- _Your instructions_:
Report how many lines of the following entries include the string "longleftrightarrow"; respond with the number alone.

- _Data for the task_:
lemma card_cached_packets:
  assumes k: "k < 2 * q"
  shows "card {p \<in> packets q. caches q k p} \<le> 3 * ((q choose 2) + q * (q - 1))"
proof -
  define labels where "labels = {T \<in> {..<2 * q} \<times> index_subsets q 2. k \<in> cached_by q T}"
  define opp where "opp = {m. m < 2 * q \<and> (m < q \<longleftrightarrow> \<not> k < q)}"
  have fin: "finite labels" unfolding labels_def by (simp add: finite_index_subsets)
  have "card {p \<in> packets q. caches q k p} = card (Sigma labels (cached_by q))"
    unfolding packets_def caches_def labels_def by (rule arg_cong[where f = card]) auto
  also have "\<dots> = (\<Sum>T\<in>labels. card (cached_by q T))"
    by (rule card_SigmaI[OF fin]) (auto simp: labels_def dest: finite_index_subset)
  also have "\<dots> = (\<Sum>T\<in>labels. 3)"
    by (rule sum.cong) (auto simp: labels_def card_cached_by simp del: cached_by.simps)
  also have "\<dots> = 3 * card labels" by simp
  finally have "card {p \<in> packets q. caches q k p} = 3 * card labels" .
  moreover have "labels \<subseteq> {k} \<times> index_subsets q 2 \<union>
      (\<lambda>(m, i). (m, {k mod q, i})) ` (opp \<times> ({..<q} - {k mod q}))"
  proof
    fix T assume T: "T \<in> labels"
    then obtain m I where T_eq: "T = (m, I)" and m: "m < 2 * q" and I: "I \<in> index_subsets q 2"
        and kin: "k \<in> cached_by q (m, I)"
      unfolding labels_def by auto
    show "T \<in> {k} \<times> index_subsets q 2 \<union> (\<lambda>(m, i). (m, {k mod q, i})) ` (opp \<times> ({..<q} - {k mod q}))"
    proof (cases "k = m")
      case False
      then obtain i where i: "i \<in> I" "k = opposite q m i" using kin by auto
      have "i < q" using index_subsetsD[OF I i(1)] .
      obtain i' where i': "I = {i, i'}" "i \<noteq> i'" "i' < q" using index_pairE[OF I i(1)] .
      have "m \<in> opp" unfolding opp_def using m i opposite_side[OF \<open>i < q\<close>, of m] by auto
      moreover have "k mod q = i" using i \<open>i < q\<close> by simp
      ultimately show ?thesis using T_eq i' by (auto simp: image_iff)
    qed (use T_eq I in auto)
  qed
  then have "card labels \<le> card ({k} \<times> index_subsets q 2 \<union>
      (\<lambda>(m, i). (m, {k mod q, i})) ` (opp \<times> ({..<q} - {k mod q})))"
    by (rule card_mono[rotated]) (simp add: finite_index_subsets opp_def)
  also have "\<dots> \<le> card ({k} \<times> index_subsets q 2) +
      card ((\<lambda>(m, i). (m, {k mod q, i})) ` (opp \<times> ({..<q} - {k mod q})))"
    by (rule card_Un_le)
  also have "\<dots> \<le> (q choose 2) + card (opp \<times> ({..<q} - {k mod q}))"
    using card_image_le[of "opp \<times> ({..<q} - {k mod q})" "\<lambda>(m, i). (m, {k mod q, i})"]
    by (simp add: card_cartesian_product card_index_subsets opp_def)
  also have "card (opp \<times> ({..<q} - {k mod q})) = q * (q - 1)"
    using card_side[of q "\<not> k < q"] k by (simp add: card_cartesian_product opp_def)
  finally show ?thesis by simp
qed
(* Let $(X,d)$ be a compact metric space with $\dim X=0$ and let $f\in\mathcal{H}(X)$ be equicontinuous. Then $\lim_{\delta\to0}r(\delta)=0$.
   Context: $f$ is equicontinuous if for every $\epsilon>0$ there is $\eta>0$ such that $d(x,y)\le\eta$ implies $\sup_{i\in\mathbb{Z}}d(f^i(x),f^i(y))\le\epsilon$; such $f$ satisfies $X=CR(f)$ (every point is chain recurrent). A $\delta$-chain is a finite sequence $(x_i)_{i=0}^k$, $k\ge1$, with $d(f(x_i),x_{i+1})\le\delta$; a $\delta$-cycle is a $\delta$-chain with $x_0=x_k$, of length $k$. For $f$ with $X=CR(f)$ and $\delta>0$: $x\sim_\delta y$ iff there are $\delta$-chains from $x$ to $y$ and from $y$ to $x$; this is an equivalence relation whose classes ($\delta$-chain components) are finitely many, clopen and $f$-invariant. For a $\delta$-chain component $C$, let $m$ be the gcd of the lengths of all $\delta$-cycles lying in $C$; define $x\sim_{\delta,m}y$ for $x,y\in C$ iff there is a $\delta$-chain from $x$ to $y$ whose length is divisible by $m$. This is an equivalence relation on $C$ with exactly $m$ classes (the $\delta$-cyclic components of $C$), each clopen. $r(\delta)$ denotes the maximum of the diameters of all $\delta$-cyclic components of all $\delta$-chain components of $X$. *)

theory Defs
  imports "HOL-Analysis.Analysis"
begin

definition zpow :: "'a set \<Rightarrow> ('a \<Rightarrow> 'a) \<Rightarrow> int \<Rightarrow> 'a \<Rightarrow> 'a" where
  "zpow X f i = (if 0 \<le> i then f ^^ nat i else (inv_into X f) ^^ nat (- i))"

definition is_homeo :: "'a::topological_space set \<Rightarrow> ('a \<Rightarrow> 'a) \<Rightarrow> bool" where
  "is_homeo X f \<longleftrightarrow> (\<exists>g. homeomorphism X X f g)"

definition equicontinuous :: "'a::metric_space set \<Rightarrow> ('a \<Rightarrow> 'a) \<Rightarrow> bool" where
  "equicontinuous X f \<longleftrightarrow>
     (\<forall>\<epsilon>>0. \<exists>\<eta>>0. \<forall>x\<in>X. \<forall>y\<in>X. dist x y \<le> \<eta> \<longrightarrow>
        (\<forall>i::int. dist (zpow X f i x) (zpow X f i y) \<le> \<epsilon>))"

text \<open>Topological dimension zero (small inductive dimension 0): X nonempty and every
  point has arbitrarily small neighbourhoods that are clopen in X.\<close>
definition zero_dim :: "'a::topological_space set \<Rightarrow> bool" where
  "zero_dim X \<longleftrightarrow> X \<noteq> {} \<and>
     (\<forall>x\<in>X. \<forall>U. open U \<and> x \<in> U \<longrightarrow>
        (\<exists>V. openin (top_of_set X) V \<and> closedin (top_of_set X) V \<and> x \<in> V \<and> V \<subseteq> U))"

definition dchain :: "'a::metric_space set \<Rightarrow> ('a \<Rightarrow> 'a) \<Rightarrow> real \<Rightarrow> (nat \<Rightarrow> 'a) \<Rightarrow> nat \<Rightarrow> bool" where
  "dchain X f \<delta> c k \<longleftrightarrow> 1 \<le> k \<and> (\<forall>i\<le>k. c i \<in> X) \<and>
     (\<forall>i<k. dist (f (c i)) (c (Suc i)) \<le> \<delta>)"

definition chain_from_to :: "'a::metric_space set \<Rightarrow> ('a \<Rightarrow> 'a) \<Rightarrow> real \<Rightarrow> 'a \<Rightarrow> 'a \<Rightarrow> nat \<Rightarrow> bool" where
  "chain_from_to X f \<delta> x y k \<longleftrightarrow> (\<exists>c. dchain X f \<delta> c k \<and> c 0 = x \<and> c k = y)"

definition chain_equiv :: "'a::metric_space set \<Rightarrow> ('a \<Rightarrow> 'a) \<Rightarrow> real \<Rightarrow> 'a \<Rightarrow> 'a \<Rightarrow> bool" where
  "chain_equiv X f \<delta> x y \<longleftrightarrow> (\<exists>k. chain_from_to X f \<delta> x y k) \<and> (\<exists>k. chain_from_to X f \<delta> y x k)"

definition chain_components :: "'a::metric_space set \<Rightarrow> ('a \<Rightarrow> 'a) \<Rightarrow> real \<Rightarrow> 'a set set" where
  "chain_components X f \<delta> = {{y\<in>X. chain_equiv X f \<delta> x y} | x. x \<in> X}"

definition cycle_period :: "'a::metric_space set \<Rightarrow> ('a \<Rightarrow> 'a) \<Rightarrow> real \<Rightarrow> 'a set \<Rightarrow> nat" where
  "cycle_period X f \<delta> C =
     Gcd {k. \<exists>c. dchain X f \<delta> c k \<and> c 0 = c k \<and> (\<forall>i\<le>k. c i \<in> C)}"

definition cyclic_components :: "'a::metric_space set \<Rightarrow> ('a \<Rightarrow> 'a) \<Rightarrow> real \<Rightarrow> 'a set \<Rightarrow> 'a set set" where
  "cyclic_components X f \<delta> C =
     {{y\<in>C. \<exists>k. cycle_period X f \<delta> C dvd k \<and> chain_from_to X f \<delta> x y k} | x. x \<in> C}"

text \<open>r(delta): maximum of the diameters of all delta-cyclic components of all
  delta-chain components (a finite set under the standing hypotheses).\<close>
definition r_fun :: "'a::metric_space set \<Rightarrow> ('a \<Rightarrow> 'a) \<Rightarrow> real \<Rightarrow> real" where
  "r_fun X f \<delta> = Max {diameter D | D C. C \<in> chain_components X f \<delta> \<and> D \<in> cyclic_components X f \<delta> C}"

- _Solution for this problem_:
7